(* Let $(\mathsf X_1,\mathsf X_2)\sim p(x_1,x_2)$ be a pair of random variables on finite alphabets and let \[ M_1=\max_{\mathsf X_1-\mathsf U-\mathsf X_2}\tfrac12\min\{H(\mathsf X_1|\mathsf U),H(\mathsf X_2|\mathsf U)\}, \] the maximum being over auxiliary random variables $\mathsf U$ (given by $p(u|x_1,x_2)$) such that $\mathsf X_1-\mathsf U-\mathsf X_2$ is a Markov chain. Then for every $M\in[0,M_1]\cup[H(\mathsf X_1,\mathsf X_2)-2M_1,\,H(\mathsf X_1,\mathsf X_2)]$ we have $R^{LB}_{GW}(M)=R^{LB}(M)$, where \[ R^{LB}(M)=\inf\Big\{R:\; R\ge H(\mathsf X_1,\mathsf X_2)-2M,\; R\ge \tfrac12\big(H(\mathsf X_1,\mathsf X_2)-M\big),\; R\ge \tfrac12\big(H(\mathsf X_1,\mathsf X_2)+\max\{H(\mathsf X_1),H(\mathsf X_2)\}\big)-M\Big\}, \] and $R^{LB}_{GW}(M)=\inf_{\mathsf U}R^{LB}_{GW}(M,\mathsf U)$, the infimum over all conditional pmfs $p(u|x_1,x_2)$ with $|\mathcal U|\le|\mathcal X_1|\cdot|\mathcal X_2|+2$, with \[ \begin{aligned} R^{LB}_{GW}(M,\mathsf U)=\inf\Big\{R:\;& R\ge I(\mathsf X_1,\mathsf X_2;\mathsf U)+H(\mathsf X_1|\mathsf U)+H(\mathsf X_2|\mathsf U)-2M,\\ & R\ge \tfrac12\big(I(\mathsf X_1,\mathsf X_2;\mathsf U)+H(\mathsf X_1|\mathsf U)+H(\mathsf X_2|\mathsf U)-M\big),\\ & R\ge I(\mathsf X_1,\mathsf X_2;\mathsf U)+H(\mathsf X_1|\mathsf U)+\tfrac12H(\mathsf X_2|\mathsf U)-M,\\ & R\ge I(\mathsf X_1,\mathsf X_2;\mathsf U)+\tfrac12H(\mathsf X_1|\mathsf U)+H(\mathsf X_2|\mathsf U)-M\Big\}. \end{aligned} \]
   Context: $R^{LB}(M)$ is a lower bound on the optimal peak rate-memory function of a two-receiver, two-file broadcast caching network with files generated by the 2-DMS $(\mathsf X_1,\mathsf X_2)$ and per-receiver (normalized) cache capacity $M$, and $R^{LB}_{GW}(M)$ is a lower bound on the corresponding function restricted to Gray-Wyner based two-step schemes; for the statement only their explicit formulas above matter. Entropies and mutual information are the standard Shannon quantities. *)

theory Defs
  imports Complex_Main
begin

definition ent :: "('c \<Rightarrow> real) \<Rightarrow> 'c set \<Rightarrow> real" where
  "ent f S = - (\<Sum>s\<in>S. (if f s = 0 then 0 else f s * log 2 (f s)))"

definition is_pmf2 :: "('a::finite \<times> 'b::finite \<Rightarrow> real) \<Rightarrow> bool" where
  "is_pmf2 p \<longleftrightarrow> (\<forall>z. 0 \<le> p z) \<and> (\<Sum>z\<in>UNIV. p z) = 1"

definition is_cond_pmf :: "nat \<Rightarrow> ('a \<Rightarrow> 'b \<Rightarrow> nat \<Rightarrow> real) \<Rightarrow> bool" where
  "is_cond_pmf K q \<longleftrightarrow> (\<forall>x1 x2 u. 0 \<le> q x1 x2 u) \<and>
     (\<forall>x1 x2. (\<Sum>u<K. q x1 x2 u) = 1)"

definition pJ :: "('a \<times> 'b \<Rightarrow> real) \<Rightarrow> ('a \<Rightarrow> 'b \<Rightarrow> nat \<Rightarrow> real) \<Rightarrow> 'a \<times> 'b \<times> nat \<Rightarrow> real" where
  "pJ p q = (\<lambda>(x1, x2, u). p (x1, x2) * q x1 x2 u)"

definition pX1 :: "('a \<times> 'b::finite \<Rightarrow> real) \<Rightarrow> 'a \<Rightarrow> real" where
  "pX1 p x1 = (\<Sum>x2\<in>UNIV. p (x1, x2))"

definition pX2 :: "('a::finite \<times> 'b \<Rightarrow> real) \<Rightarrow> 'b \<Rightarrow> real" where
  "pX2 p x2 = (\<Sum>x1\<in>UNIV. p (x1, x2))"

definition pU :: "('a::finite \<times> 'b::finite \<Rightarrow> real) \<Rightarrow> ('a \<Rightarrow> 'b \<Rightarrow> nat \<Rightarrow> real) \<Rightarrow> nat \<Rightarrow> real" where
  "pU p q u = (\<Sum>x1\<in>UNIV. \<Sum>x2\<in>UNIV. pJ p q (x1, x2, u))"

definition pX1U :: "('a \<times> 'b::finite \<Rightarrow> real) \<Rightarrow> ('a \<Rightarrow> 'b \<Rightarrow> nat \<Rightarrow> real) \<Rightarrow> 'a \<times> nat \<Rightarrow> real" where
  "pX1U p q = (\<lambda>(x1, u). \<Sum>x2\<in>UNIV. pJ p q (x1, x2, u))"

*Task item*. Write all the entries again precisely as they were given.

*Response to the exercise*.
(* Let $(\mathsf X_1,\mathsf X_2)\sim p(x_1,x_2)$ be a pair of random variables on finite alphabets and let \[ M_1=\max_{\mathsf X_1-\mathsf U-\mathsf X_2}\tfrac12\min\{H(\mathsf X_1|\mathsf U),H(\mathsf X_2|\mathsf U)\}, \] the maximum being over auxiliary random variables $\mathsf U$ (given by $p(u|x_1,x_2)$) such that $\mathsf X_1-\mathsf U-\mathsf X_2$ is a Markov chain. Then for every $M\in[0,M_1]\cup[H(\mathsf X_1,\mathsf X_2)-2M_1,\,H(\mathsf X_1,\mathsf X_2)]$ we have $R^{LB}_{GW}(M)=R^{LB}(M)$, where \[ R^{LB}(M)=\inf\Big\{R:\; R\ge H(\mathsf X_1,\mathsf X_2)-2M,\; R\ge \tfrac12\big(H(\mathsf X_1,\mathsf X_2)-M\big),\; R\ge \tfrac12\big(H(\mathsf X_1,\mathsf X_2)+\max\{H(\mathsf X_1),H(\mathsf X_2)\}\big)-M\Big\}, \] and $R^{LB}_{GW}(M)=\inf_{\mathsf U}R^{LB}_{GW}(M,\mathsf U)$, the infimum over all conditional pmfs $p(u|x_1,x_2)$ with $|\mathcal U|\le|\mathcal X_1|\cdot|\mathcal X_2|+2$, with \[ \begin{aligned} R^{LB}_{GW}(M,\mathsf U)=\inf\Big\{R:\;& R\ge I(\mathsf X_1,\mathsf X_2;\mathsf U)+H(\mathsf X_1|\mathsf U)+H(\mathsf X_2|\mathsf U)-2M,\\ & R\ge \tfrac12\big(I(\mathsf X_1,\mathsf X_2;\mathsf U)+H(\mathsf X_1|\mathsf U)+H(\mathsf X_2|\mathsf U)-M\big),\\ & R\ge I(\mathsf X_1,\mathsf X_2;\mathsf U)+H(\mathsf X_1|\mathsf U)+\tfrac12H(\mathsf X_2|\mathsf U)-M,\\ & R\ge I(\mathsf X_1,\mathsf X_2;\mathsf U)+\tfrac12H(\mathsf X_1|\mathsf U)+H(\mathsf X_2|\mathsf U)-M\Big\}. \end{aligned} \]
   Context: $R^{LB}(M)$ is a lower bound on the optimal peak rate-memory function of a two-receiver, two-file broadcast caching network with files generated by the 2-DMS $(\mathsf X_1,\mathsf X_2)$ and per-receiver (normalized) cache capacity $M$, and $R^{LB}_{GW}(M)$ is a lower bound on the corresponding function restricted to Gray-Wyner based two-step schemes; for the statement only their explicit formulas above matter. Entropies and mutual information are the standard Shannon quantities. *)

theory Defs
  imports Complex_Main
begin

definition ent :: "('c \<Rightarrow> real) \<Rightarrow> 'c set \<Rightarrow> real" where
  "ent f S = - (\<Sum>s\<in>S. (if f s = 0 then 0 else f s * log 2 (f s)))"

definition is_pmf2 :: "('a::finite \<times> 'b::finite \<Rightarrow> real) \<Rightarrow> bool" where
  "is_pmf2 p \<longleftrightarrow> (\<forall>z. 0 \<le> p z) \<and> (\<Sum>z\<in>UNIV. p z) = 1"

definition is_cond_pmf :: "nat \<Rightarrow> ('a \<Rightarrow> 'b \<Rightarrow> nat \<Rightarrow> real) \<Rightarrow> bool" where
  "is_cond_pmf K q \<longleftrightarrow> (\<forall>x1 x2 u. 0 \<le> q x1 x2 u) \<and>
     (\<forall>x1 x2. (\<Sum>u<K. q x1 x2 u) = 1)"

definition pJ :: "('a \<times> 'b \<Rightarrow> real) \<Rightarrow> ('a \<Rightarrow> 'b \<Rightarrow> nat \<Rightarrow> real) \<Rightarrow> 'a \<times> 'b \<times> nat \<Rightarrow> real" where
  "pJ p q = (\<lambda>(x1, x2, u). p (x1, x2) * q x1 x2 u)"

definition pX1 :: "('a \<times> 'b::finite \<Rightarrow> real) \<Rightarrow> 'a \<Rightarrow> real" where
  "pX1 p x1 = (\<Sum>x2\<in>UNIV. p (x1, x2))"

definition pX2 :: "('a::finite \<times> 'b \<Rightarrow> real) \<Rightarrow> 'b \<Rightarrow> real" where
  "pX2 p x2 = (\<Sum>x1\<in>UNIV. p (x1, x2))"

definition pU :: "('a::finite \<times> 'b::finite \<Rightarrow> real) \<Rightarrow> ('a \<Rightarrow> 'b \<Rightarrow> nat \<Rightarrow> real) \<Rightarrow> nat \<Rightarrow> real" where
  "pU p q u = (\<Sum>x1\<in>UNIV. \<Sum>x2\<in>UNIV. pJ p q (x1, x2, u))"

definition pX1U :: "('a \<times> 'b::finite \<Rightarrow> real) \<Rightarrow> ('a \<Rightarrow> 'b \<Rightarrow> nat \<Rightarrow> real) \<Rightarrow> 'a \<times> nat \<Rightarrow> real" where
  "pX1U p q = (\<lambda>(x1, u). \<Sum>x2\<in>UNIV. pJ p q (x1, x2, u))"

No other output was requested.